HealthTimes

Why Obesity Causes Chronic Inflammation in Millions of Americans

Infographic showing how obesity triggers chronic inflammation in the body. Visual includes a generic obese adult silhouette, immune cells (macrophages) activating inflammasomes, inactive SAMHD1 enzyme, oxidized mitochondrial DNA, and arrows illustrating the chain reaction leading to inflammation. Designed for educational purposes for U.S. readers

Michael Gwarisa

More than one in three American adults lives with obesity, and scientists have long known it fuels chronic inflammation linked to diabetes, heart disease, and fatty liver. Now, an NIH-funded study has uncovered the biological chain reaction behind this process, opening the door to new treatments beyond weight loss.

New research funded by the National Institutes of Health has uncovered a chain reaction inside immune cells that helps explain why obesity leads to widespread inflammation. The findings could pave the way for new treatments that reduce disease risk even without significant weight loss.

At the center of the discovery is a structure inside immune cells called the NLRP3 inflammasome, which plays a key role in triggering inflammation. Researchers found that this inflammasome becomes unusually overactive in people with obesity.

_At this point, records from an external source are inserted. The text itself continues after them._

(* Let $m\ge1$, $s_1,\dots,s_m\in\mathbb{R}$ and $\alpha\in[0,1]$. For $\gamma\in[0,1]$ let $N(\gamma):=\sum_{i=1}^m\chi_{\alpha,\gamma}(s_i)$. Then $$\int_0^1\big(N(\gamma)-\gamma m\big)^2\,d\gamma\ \ge\ \frac1{12}.$$
   Context: For $r\in\mathbb{R}$, $\{r\}:=r-\lfloor r\rfloor$. For $\alpha\in\mathbb{R}$, $\gamma\in[0,1]$, $S_{\alpha,\alpha+\gamma}:=\{x\in[0,1]:\{x-\alpha\}\le\gamma\}$, and $\chi_{\alpha,\gamma}(x):=1$ if $\{x\}\in S_{\alpha,\alpha+\gamma}$, and $0$ otherwise. *)

theory Defs
  imports "HOL-Analysis.Analysis"
begin

definition S_set :: "real \<Rightarrow> real \<Rightarrow> real set" where
  "S_set \<alpha> \<gamma> = {x \<in> {0..1}. frac (x - \<alpha>) \<le> \<gamma>}"

definition chi :: "real \<Rightarrow> real \<Rightarrow> real \<Rightarrow> real" where
  "chi \<alpha> \<gamma> x = (if frac x \<in> S_set \<alpha> \<gamma> then 1 else 0)"

definition Ncount :: "nat \<Rightarrow> (nat \<Rightarrow> real) \<Rightarrow> real \<Rightarrow> real \<Rightarrow> real" where
  "Ncount m s \<alpha> \<gamma> = (\<Sum>i=1..m. chi \<alpha> \<gamma> (s i))"

end

theory Submission
  imports Defs
begin

text \<open>Since \<open>N(\<gamma>)\<close> is an integer, \<open>(N(\<gamma>) - \<gamma> m)\<^sup>2\<close> is at least the squared distance from
  \<open>\<gamma> m\<close> to the nearest integer. On each interval \<open>[j/m, (j+1)/m]\<close> this distance is a tent of
  height \<open>1/2\<close>, whose square integrates to \<open>1/(12 m)\<close>; the \<open>m\<close> intervals give \<open>1/12\<close>.
  Monotonicity of \<open>N\<close> is needed only for integrability.\<close>

lemma chi_mono: "\<gamma> \<le> \<delta> \<Longrightarrow> chi \<alpha> \<gamma> x \<le> chi \<alpha> \<delta> x"
  by (auto simp: chi_def S_set_def)

lemma mono_Ncount: "mono (Ncount m s \<alpha>)"
  unfolding Ncount_def by (intro monoI sum_mono chi_mono)

lemma Ncount_nonneg: "0 \<le> Ncount m s \<alpha> \<gamma>"
  unfolding Ncount_def by (intro sum_nonneg) (auto simp: chi_def)

lemma Ncount_Ints: "Ncount m s \<alpha> \<gamma> \<in> \<int>"
  unfolding Ncount_def by (intro Ints_sum) (auto simp: chi_def)

lemma sq_dist_Ints_lower:
  fixes n k x :: real
  assumes "n \<in> \<int>" "k \<in> \<int>" "k \<le> x" "x \<le> k + 1/2"
  shows "(x - k)\<^sup>2 \<le> (n - x)\<^sup>2"
proof -
  have "n \<le> k \<or> k + 1 \<le> n"
    using assms(1,2) by (elim Ints_cases) auto
  then have "\<bar>x - k\<bar> \<le> \<bar>n - x\<bar>"
    using assms(3,4) by auto
  then show ?thesis
    by (simp add: abs_le_square_iff)
qed

lemma sq_dist_Ints_lower':
  fixes n k x :: real
  assumes "n \<in> \<int>" "k \<in> \<int>" "k + 1/2 \<le> x" "x \<le> k + 1"
  shows "(x - (k + 1))\<^sup>2 \<le> (n - x)\<^sup>2"
proof -
  have "(- x - - (k + 1))\<^sup>2 \<le> (- n - - x)\<^sup>2"
    using assms by (intro sq_dist_Ints_lower) auto
  then show ?thesis
    by (simp add: power2_eq_square algebra_simps)
qed

lemma has_integral_affine_square:
  fixes c d a b :: real
  assumes "0 < c" "a \<le> b"
  shows "((\<lambda>x. (c * x - d)\<^sup>2) has_integral ((c * b - d) ^ 3 - (c * a - d) ^ 3) / (3 * c)) {a..b}"
proof -
  have "((\<lambda>x. (c * x - d)\<^sup>2) has_integral
         (\<lambda>x. (c * x - d) ^ 3 / (3 * c)) b - (\<lambda>x. (c * x - d) ^ 3 / (3 * c)) a) {a..b}"
    by (intro fundamental_theorem_of_calculus assms(2))
       (use assms(1) in \<open>auto intro!: derivative_eq_intros
          simp: has_real_derivative_iff_has_vector_derivative[symmetric] power2_eq_square\<close>)
  then show ?thesis
    by (simp add: diff_divide_distrib)
qed

lemma integrable_square_deviation:
  fixes f :: "real \<Rightarrow> real"
  assumes "mono f" "\<And>\<gamma>. 0 \<le> f \<gamma>" "0 \<le> a"
  shows "(\<lambda>\<gamma>. (f \<gamma> - \<gamma> * c)\<^sup>2) integrable_on {a..b}"
proof -
  have expand: "(\<lambda>\<gamma>. (f \<gamma> - \<gamma> * c)\<^sup>2)
      = (\<lambda>\<gamma>. (f \<gamma>)\<^sup>2 - 2 * c * (\<gamma> * f \<gamma>) + c\<^sup>2 * \<gamma>\<^sup>2)"
    by (auto simp: power2_eq_square algebra_simps)
  have "mono_on {a..b} (\<lambda>\<gamma>. (f \<gamma>)\<^sup>2)"
    using assms(1,2) by (auto simp: mono_on_def monoD intro!: power_mono)
  then have "(\<lambda>\<gamma>. (f \<gamma>)\<^sup>2) integrable_on {a..b}"
    by (rule integrable_on_mono_on)
  moreover have "mono_on {a..b} (\<lambda>\<gamma>. \<gamma> * f \<gamma>)"
    using assms by (auto simp: mono_on_def monoD intro!: mult_mono)
  then have "(\<lambda>\<gamma>. 2 * c * (\<gamma> * f \<gamma>)) integrable_on {a..b}"
    using integrable_on_cmult_left[OF integrable_on_mono_on, of _ _ _ "2 * c"] by simp
  moreover have "(\<lambda>\<gamma>. c\<^sup>2 * \<gamma>\<^sup>2) integrable_on {a..b}"
    by (intro integrable_continuous_interval continuous_intros)
  ultimately show ?thesis
    unfolding expand by (intro integrable_add integrable_diff)
qed

lemma integral_square_deviation_cell:
  fixes f :: "real \<Rightarrow> real" and m j :: nat
  assumes "mono f" "\<And>\<gamma>. 0 \<le> f \<gamma>" "\<And>\<gamma>. f \<gamma> \<in> \<int>" "0 < m"
  defines "g \<equiv> \<lambda>\<gamma>. (f \<gamma> - \<gamma> * real m)\<^sup>2"
  shows "1 / (12 * m) \<le> integral {j / m .. (j + 1) / m} g"
proof -
  let ?a = "real j / m" and ?c = "(j + 1/2) / m" and ?b = "(real j + 1) / m"
  have m: "0 < real m" using assms(4) by simp
  have ac: "?a \<le> ?c" and cb: "?c \<le> ?b"
    using m by (simp_all add: divide_right_mono)
  have g_int: "g integrable_on {x..y}" if "0 \<le> x" for x y
    unfolding g_def using assms(1,2) that by (rule integrable_square_deviation)
  have left: "1 / (24 * m) \<le> integral {?a..?c} g"
  proof (rule has_integral_le[OF _ integrable_integral])
    show "((\<lambda>\<gamma>. (m * \<gamma> - j)\<^sup>2) has_integral 1 / (24 * m)) {?a..?c}"
      using has_integral_affine_square[OF m ac, of j] m by (simp add: field_simps power3_eq_cube)
    show "g integrable_on {?a..?c}" by (rule g_int) simp
    fix x assume "x \<in> {?a..?c}"
    then have "j \<le> x * m" "x * m \<le> j + 1/2" using m by (auto simp: field_simps)
    then show "(m * x - j)\<^sup>2 \<le> g x"
      using sq_dist_Ints_lower[OF assms(3) Ints_of_nat] by (simp add: g_def mult.commute)
  qed
  have right: "1 / (24 * m) \<le> integral {?c..?b} g"
  proof (rule has_integral_le[OF _ integrable_integral])
    show "((\<lambda>\<gamma>. (m * \<gamma> - (j + 1))\<^sup>2) has_integral 1 / (24 * m)) {?c..?b}"
      using has_integral_affine_square[OF m cb, of "j + 1"] m by (simp add: field_simps power3_eq_cube)
    show "g integrable_on {?c..?b}" by (rule g_int) (use m in simp)
    fix x assume "x \<in> {?c..?b}"
    then have "j + 1/2 \<le> x * m" "x * m \<le> real j + 1" using m by (auto simp: field_simps)
    from sq_dist_Ints_lower'[OF assms(3)[of x] Ints_of_nat this]
    show "(m * x - (j + 1))\<^sup>2 \<le> g x"
      by (simp add: g_def mult.commute add.commute)
  qed
  have "integral {?a..?c} g + integral {?c..?b} g = integral {?a..?b} g"
    using ac cb m by (intro Henstock_Kurzweil_Integration.integral_combine g_int) auto
  then show ?thesis
    using left right by (simp add: add.commute)
qed

lemma integral_square_deviation_lower:
  fixes f :: "real \<Rightarrow> real" and m :: nat
  assumes "mono f" "\<And>\<gamma>. 0 \<le> f \<gamma>" "\<And>\<gamma>. f \<gamma> \<in> \<int>" "0 < m"
  shows "1/12 \<le> integral {0..1} (\<lambda>\<gamma>. (f \<gamma> - \<gamma> * real m)\<^sup>2)"
proof -
  define g where "g = (\<lambda>\<gamma>. (f \<gamma> - \<gamma> * real m)\<^sup>2)"
  have m: "0 < real m" using assms(4) by simp
  have "real j / (12 * m) \<le> integral {0 .. j / m} g" for j :: nat
  proof (induction j)
    case (Suc j)
    have "integral {0 .. j / m} g + integral {j / m .. (j + 1) / m} g = integral {0 .. (j + 1) / m} g"
      using m unfolding g_def
      by (intro Henstock_Kurzweil_Integration.integral_combine integrable_square_deviation assms)
         (auto simp: divide_right_mono)
    moreover have "real (Suc j) / (12 * m) = real j / (12 * m) + 1 / (12 * m)"
      by (simp add: add_divide_distrib)
    ultimately show ?case
      using Suc.IH integral_square_deviation_cell[OF assms, of j] by (simp add: g_def add.commute)
  qed simp
  from this[of m] show ?thesis
    using m by (simp add: g_def)
qed

theorem lemma3p3:
  fixes m :: nat and s :: "nat \<Rightarrow> real" and \<alpha> :: real
  assumes "m \<ge> 1" and "\<alpha> \<in> {0..1}"
  shows "integral {0..1} (\<lambda>\<gamma>. (Ncount m s \<alpha> \<gamma> - \<gamma> * real m)\<^sup>2) \<ge> 1/12"
  using integral_square_deviation_lower[OF mono_Ncount Ncount_nonneg Ncount_Ints] assms(1)
  by simp

end
(* Let $d\geqslant 2$ and let $V=\{x\in\mathbb{Z}^d:\gcd(x_1,\ldots,x_d)=1\}$ be the set of visible points of $\mathbb{Z}^d$. For every $y\in\mathbb{R}^d$, the Fourier--Bohr coefficient \[ a_V(y)=\lim_{r\to\infty}\frac{1}{\mathrm{vol}(B_r(0))}\sum_{x\in V\cap B_r(0)} e^{-2\pi i\, x\cdot y} \] exists, and \[ a_V(y)=\begin{cases}\dfrac{1}{\zeta(d)}\displaystyle\prod_{p\mid \mathrm{den}(y)}\frac{1}{1-p^d}, & \text{if } y\in L^{\circledast},\\[2mm] 0, & \text{otherwise},\end{cases} \] where $L^{\circledast}=\{q\in\mathbb{Q}^d:\mathrm{den}(q)\text{ is square-free}\}=\sum_{p\in\mathcal{P}}p^{-1}\mathbb{Z}^d$ (sums with finitely many non-zero terms), $\zeta$ is the Riemann zeta function and the product runs over rational primes $p$ dividing $\mathrm{den}(y)$. In particular $a_V(0)=\mathrm{dens}(V)=1/\zeta(d)$.
   Context: $\mathcal{P}$ denotes the set of rational primes; $B_r(0)$ is the closed Euclidean ball of radius $r$ centred at $0$; $x\cdot y$ is the standard inner product. For $k\in\mathbb{Q}^d$, the denominator $\mathrm{den}(k)$ is the unique $q\in\mathbb{N}$ such that $k=(k_1,\ldots,k_d)/q$ with all $k_i\in\mathbb{Z}$ and $\gcd(k_1,\ldots,k_d,q)=1$; in particular $\mathrm{den}(0)=1$. The density $\mathrm{dens}(V)$ is the natural density $\lim_{r\to\infty}\mathrm{card}(V\cap B_r(0))/\mathrm{vol}(B_r(0))$. *)

theory Defs
  imports "HOL-Analysis.Analysis" "HOL-Computational_Algebra.Squarefree"
begin

definition visible_points :: "(real ^ 'n) set" where
  "visible_points = {x. (\<forall>i. x $ i \<in> \<int>) \<and> Gcd (range (\<lambda>i. \<lfloor>x $ i\<rfloor>)) = (1::int)}"

definition rat_vec :: "real ^ 'n \<Rightarrow> bool" where
  "rat_vec y \<longleftrightarrow> (\<forall>i. y $ i \<in> \<rat>)"

definition den :: "real ^ 'n \<Rightarrow> nat" where
  "den y = (THE q. q > 0 \<and> (\<exists>k :: int ^ 'n. (\<forall>i. y $ i = real_of_int (k $ i) / real q)
              \<and> Gcd (insert (int q) (range (\<lambda>i. k $ i))) = 1))"

definition L_star :: "(real ^ 'n) set" where
  "L_star = {y. rat_vec y \<and> squarefree (den y)}"

definition zeta_nat :: "nat \<Rightarrow> real" where
  "zeta_nat d = (\<Sum>n. 1 / real (Suc n) ^ d)"

end

theory Submission
  imports Defs
begin

text \<open>
  By Moebius inversion, a nonzero lattice point \<open>x\<close> is visible iff \<open>\<Sum>{\<mu>(m) | m dvd gcd(x)} = 1\<close>,
  so the exponential sum over the visible points of \<open>B\<^sub>r(0)\<close> equals \<open>\<Sum>\<^sub>m \<mu>(m) S\<^sub>m(r)\<close>, where
  \<open>S\<^sub>m(r)\<close> is the corresponding sum over the nonzero points of \<open>m\<int>\<^sup>d\<close>.
  Normalised by the volume, \<open>S\<^sub>m(r)\<close> tends to \<open>m\<^sup>-\<^sup>d\<close> if \<open>m y \<in> \<int>\<^sup>d\<close> and to \<open>0\<close> otherwise:
  shifting by a unit vector multiplies the lattice sum by a character value while changing
  it only in a shell around the sphere. Since \<open>|S\<^sub>m(r)| / vol(B\<^sub>r) \<le> C m\<^sup>-\<^sup>d\<close> and \<open>d \<ge> 2\<close>,
  Tannery's theorem gives \<open>a\<^sub>V(y) = \<Sum>{\<mu>(m) m\<^sup>-\<^sup>d | m y \<in> \<int>\<^sup>d}\<close>. This vanishes unless \<open>y\<close> is
  rational; for \<open>q = den(y)\<close> it is \<open>q\<^sup>-\<^sup>d \<Sum>\<^sub>k \<mu>(q k) k\<^sup>-\<^sup>d\<close>, which is zero unless \<open>q\<close> is
  squarefree and is otherwise computed by splitting off the primes of \<open>q\<close> one at a time,
  ending with \<open>\<Sum>\<^sub>k \<mu>(k) k\<^sup>-\<^sup>d = 1/\<zeta>(d)\<close>.
\<close>

section \<open>Lattice points in balls\<close>

definition int_vecs :: "(real ^ 'n) set" where
  "int_vecs = {x. \<forall>i. x $ i \<in> \<int>}"

lemma inner_int_vecs: "x \<in> int_vecs \<Longrightarrow> y \<in> int_vecs \<Longrightarrow> (x::real^'n) \<bullet> y \<in> \<int>"
  unfolding inner_vec_def int_vecs_def by (auto intro!: Ints_sum Ints_mult)

lemma int_vecs_diff: "x \<in> int_vecs \<Longrightarrow> y \<in> int_vecs \<Longrightarrow> x - y \<in> int_vecs"
  and int_vecs_add: "x \<in> int_vecs \<Longrightarrow> y \<in> int_vecs \<Longrightarrow> x + y \<in> int_vecs"
  by (auto simp: int_vecs_def)

lemma axis_in_int_vecs: "axis j 1 \<in> int_vecs"
  by (auto simp: int_vecs_def axis_def)

definition ball_vol :: "'n itself \<Rightarrow> real \<Rightarrow> real" where
  "ball_vol _ r = unit_ball_vol CARD('n) * r ^ CARD('n)"

lemma ball_vol_pos: "r > 0 \<Longrightarrow> ball_vol TYPE('n) r > 0"
  by (simp add: ball_vol_def)

lemma ball_vol_scale: "real m > 0 \<Longrightarrow> ball_vol TYPE('n) r = real m ^ CARD('n) * ball_vol TYPE('n) (r / real m)"
  by (simp add: ball_vol_def power_divide)

lemma ball_vol_at_top: "filterlim (ball_vol TYPE('n::finite)) at_top at_top"
  unfolding ball_vol_def
  by (rule filterlim_tendsto_pos_mult_at_top[OF tendsto_const])
     (auto intro!: filterlim_pow_at_top filterlim_ident)

lemma measure_cball_eq_ball_vol: "r \<ge> 0 \<Longrightarrow> measure lebesgue (cball (0::real^'n) r) = ball_vol TYPE('n) r"
proof -
  assume r: "r \<ge> 0"
  have "measure lebesgue (cball (0::real^'n) r) = measure lborel (cball (0::real^'n) r)"
    by (rule measure_completion) (simp add: borel_closed)
  also have "\<dots> = ball_vol TYPE('n) r" using r by (simp add: content_cball ball_vol_def)
  finally show ?thesis .
qed

lemma norm_diff_le_card_unit_cube:
  fixes x z :: "real ^ 'n"
  assumes "\<forall>i. x $ i \<le> z $ i \<and> z $ i \<le> x $ i + 1"
  shows "norm (z - x) \<le> real CARD('n)"
proof -
  have "norm (z - x) \<le> (\<Sum>i\<in>UNIV. \<bar>(z - x) $ i\<bar>)" by (rule norm_le_l1_cart)
  also have "\<dots> \<le> (\<Sum>i\<in>(UNIV::'n set). 1)"
  proof (intro sum_mono)
    fix i show "\<bar>(z - x) $ i\<bar> \<le> 1" using assms[rule_format, of i] by auto
  qed
  finally show ?thesis by simp
qed
lemma cls_self: "q \<in> cls pi q"
proof -
  have "lip_sub q q = lip_mult lip_zero pi"
    by (cases q; cases pi) (simp add: lip_sub_def lip_zero_def)
  then show ?thesis unfolding cls_def rcong_def by blast
qed

lemma cls_weight_le: "cls_weight (cls pi q) \<le> lip_abs q"
  unfolding cls_weight_def by (rule Least_le) (use cls_self in blast)

lemma norm_dvd_of_same_cls:
  assumes "cls pi a = cls pi b"
  shows "lip_norm pi dvd lip_norm (lip_sub a b)"
proof -
  have "a \<in> cls pi b" using assms cls_self by metis
  then obtain \<delta> where "lip_sub a b = lip_mult \<delta> pi" by (auto simp: cls_def rcong_def)
  then show ?thesis by (simp add: lip_norm_mult)
qed

definition unit_lips :: "lip set" where
  "unit_lips = {Lip 0 0 0 0, Lip 1 0 0 0, Lip (-1) 0 0 0, Lip 0 1 0 0, Lip 0 (-1) 0 0,
                Lip 0 0 1 0, Lip 0 0 (-1) 0, Lip 0 0 0 1, Lip 0 0 0 (-1)}"

lemma finite_unit_lips: "finite unit_lips"
  by (simp add: unit_lips_def)

lemma zero_in_unit_lips: "lip_zero \<in> unit_lips"
  by (simp add: unit_lips_def lip_zero_def)

text \<open>Eight nonzero letters: this is the factor 8 in the counting recursion.\<close>
lemma card_nonzero_unit_lips: "card (unit_lips - {lip_zero}) = 8"
  by (simp add: unit_lips_def lip_zero_def)

lemma lip_abs_unit_lips: "x \<in> unit_lips \<Longrightarrow> lip_abs x = (if x = lip_zero then 0 else 1)"
  by (auto simp: unit_lips_def lip_zero_def)

lemma norm_diff_unit_lips:
  "a \<in> unit_lips \<Longrightarrow> b \<in> unit_lips \<Longrightarrow> a \<noteq> b \<Longrightarrow> lip_norm (lip_sub a b) \<in> {1, 2, 4}"
  by (auto simp: unit_lips_def lip_sub_def)

lemma nonneg_dvd_1_2_4:
  fixes d m :: int
  assumes "d dvd m" "m \<in> {1, 2, 4}" "0 \<le> d"
  shows "d \<in> {1, 2, 4}"
proof -
  have "d \<le> m" using assms by (auto intro: zdvd_imp_le)
  then have "d \<in> {0..4}" using assms by auto
  then have "d \<in> {0, 1, 2, 3, 4}" by auto
  then show ?thesis using assms by auto
qed

lemma cls_inj_unit_lips:
  assumes "lip_norm pi \<notin> {1, 2, 4}"
    and "a \<in> unit_lips" "b \<in> unit_lips" "cls pi a = cls pi b"
  shows "a = b"
proof (rule ccontr)
  assume "a \<noteq> b"
  then have "lip_norm (lip_sub a b) \<in> {1, 2, 4}"
    using assms(2,3) norm_diff_unit_lips by blast
  moreover have "0 \<le> lip_norm pi" by (cases pi) simp
  ultimately have "lip_norm pi \<in> {1, 2, 4}"
    using norm_dvd_of_same_cls[OF assms(4)] nonneg_dvd_1_2_4 by blast
  then show False using assms(1) by blast
qed

definition words :: "nat \<Rightarrow> nat \<Rightarrow> lip list set" where
  "words n t = {xs. length xs = n \<and> set xs \<subseteq> unit_lips \<and> sum_list (map lip_abs xs) \<le> t}"

lemma finite_words: "finite (words n t)"
proof -
  have "words n t \<subseteq> {xs. set xs \<subseteq> unit_lips \<and> length xs = n}" by (auto simp: words_def)
  then show ?thesis using finite_lists_length_eq[OF finite_unit_lips] finite_subset by blast
qed

lemma words_0: "words 0 t = {[]}"
  by (auto simp: words_def)

lemma words_Suc_nonzero:
  "x \<in> unit_lips - {lip_zero} \<Longrightarrow> x # xs \<in> words (Suc n) t \<longleftrightarrow> t \<noteq> 0 \<and> xs \<in> words n (t - 1)"
  using lip_abs_unit_lips[of x] by (auto simp: words_def)

lemma words_Suc:
  "words (Suc n) t = (\<lambda>xs. lip_zero # xs) ` words n t \<union>
     (\<lambda>(x, xs). x # xs) ` ((unit_lips - {lip_zero}) \<times> {xs \<in> words n (t - 1). t \<noteq> 0})"
    (is "?lhs = ?zero \<union> ?nonzero")
proof (intro set_eqI iffI)
  fix ys assume ys: "ys \<in> ?lhs"
  then obtain x xs where ys_eq: "ys = x # xs" and x: "x \<in> unit_lips"
    by (auto simp: words_def length_Suc_conv)
  show "ys \<in> ?zero \<union> ?nonzero"
  proof (cases "x = lip_zero")
    case True
    then have "xs \<in> words n t"
      using ys ys_eq by (auto simp: words_def lip_zero_def)
    then show ?thesis using True ys_eq by blast
  next
    case False
    then show ?thesis using ys ys_eq x words_Suc_nonzero[of x xs n t] by force
  qed
next
  fix ys assume "ys \<in> ?zero \<union> ?nonzero"
  then show "ys \<in> ?lhs"
  proof
    assume "ys \<in> ?zero"
    then show ?thesis using zero_in_unit_lips by (auto simp: words_def lip_zero_def)
  next
    assume "ys \<in> ?nonzero"
    then obtain x xs where "ys = x # xs" "x \<in> unit_lips - {lip_zero}"
      "t \<noteq> 0" "xs \<in> words n (t - 1)" by auto
    then show ?thesis using words_Suc_nonzero by blast
  qed
qed

definition num_words :: "nat \<Rightarrow> nat \<Rightarrow> nat" where
  "num_words n t = card (words n t)"

lemma num_words_0: "num_words 0 t = 1"
  by (simp add: num_words_def words_0)

lemma num_words_Suc:
  "num_words (Suc n) t = num_words n t + (if t = 0 then 0 else 8 * num_words n (t - 1))"
proof -
  let ?S = "{xs \<in> words n (t - 1). t \<noteq> 0}"
  have inj_zero: "inj_on (\<lambda>xs. lip_zero # xs) (words n t)"
    by (auto simp: inj_on_def)
  have inj_cons: "inj_on (\<lambda>(x, xs). x # xs) ((unit_lips - {lip_zero}) \<times> ?S)"
    by (auto simp: inj_on_def)
  have "num_words (Suc n) t = card ((\<lambda>xs. lip_zero # xs) ` words n t)
      + card ((\<lambda>(x, xs). x # xs) ` ((unit_lips - {lip_zero}) \<times> ?S))"
    unfolding num_words_def words_Suc
    by (rule card_Un_disjoint) (auto simp: finite_words finite_unit_lips)
  also have "\<dots> = card (words n t) + card ((unit_lips - {lip_zero}) \<times> ?S)"
    by (simp only: card_image[OF inj_zero] card_image[OF inj_cons])
  also have "\<dots> = num_words n t + 8 * card ?S"
    by (simp add: card_cartesian_product card_nonzero_unit_lips num_words_def)
  finally show ?thesis by (simp add: num_words_def)
qed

To understand why, scientists examined immune cells known as macrophages from people with obesity and from lean individuals. When the inflammasome was activated, macrophages from people with obesity produced a much stronger inflammatory response. The same effect was seen in mice fed a high-fat diet, suggesting obesity fundamentally alters immune behavior.

The researchers traced this heightened response to an enzyme called SAMHD1, which normally helps regulate inflammation by breaking down DNA building blocks inside cells. In immune cells from people with obesity, SAMHD1 was found in an inactive state, limiting its protective role.

Without functional SAMHD1, DNA components begin to accumulate and fuel the production of new mitochondrial DNA. This newly formed DNA is especially vulnerable to damage, leading to oxidative stress. Once damaged, this mitochondrial DNA acts as a danger signal, activating the inflammasome and amplifying inflammation throughout the body.

Animal studies confirmed the impact of this process. Mice lacking SAMHD1 in their macrophages developed greater insulin resistance, increased liver inflammation, and more severe fat buildup when fed a high-fat diet, compared to normal mice.

The findings suggest obesity promotes inflammation by disrupting the body’s ability to control DNA-related processes within immune cells. By targeting one or more steps in this chain reaction, future therapies may be able to reduce inflammation and lower the risk of obesity-related diseases.

Why this matters in the U.S.

Obesity-related inflammation is a major driver of diabetes, fatty liver disease, and heart disease — conditions that cost the U.S. healthcare system billions each year. Understanding the biology behind inflammation could lead to treatments that reduce disease risk even without weight loss.

Researchers say this discovery fills a critical gap in understanding how obesity damages health at the cellular level and offers hope for treatments that focus on inflammation itself — not just weight loss.

This research highlights how obesity affects immune function at a molecular level, offering insight into future treatments for chronic inflammatory diseases.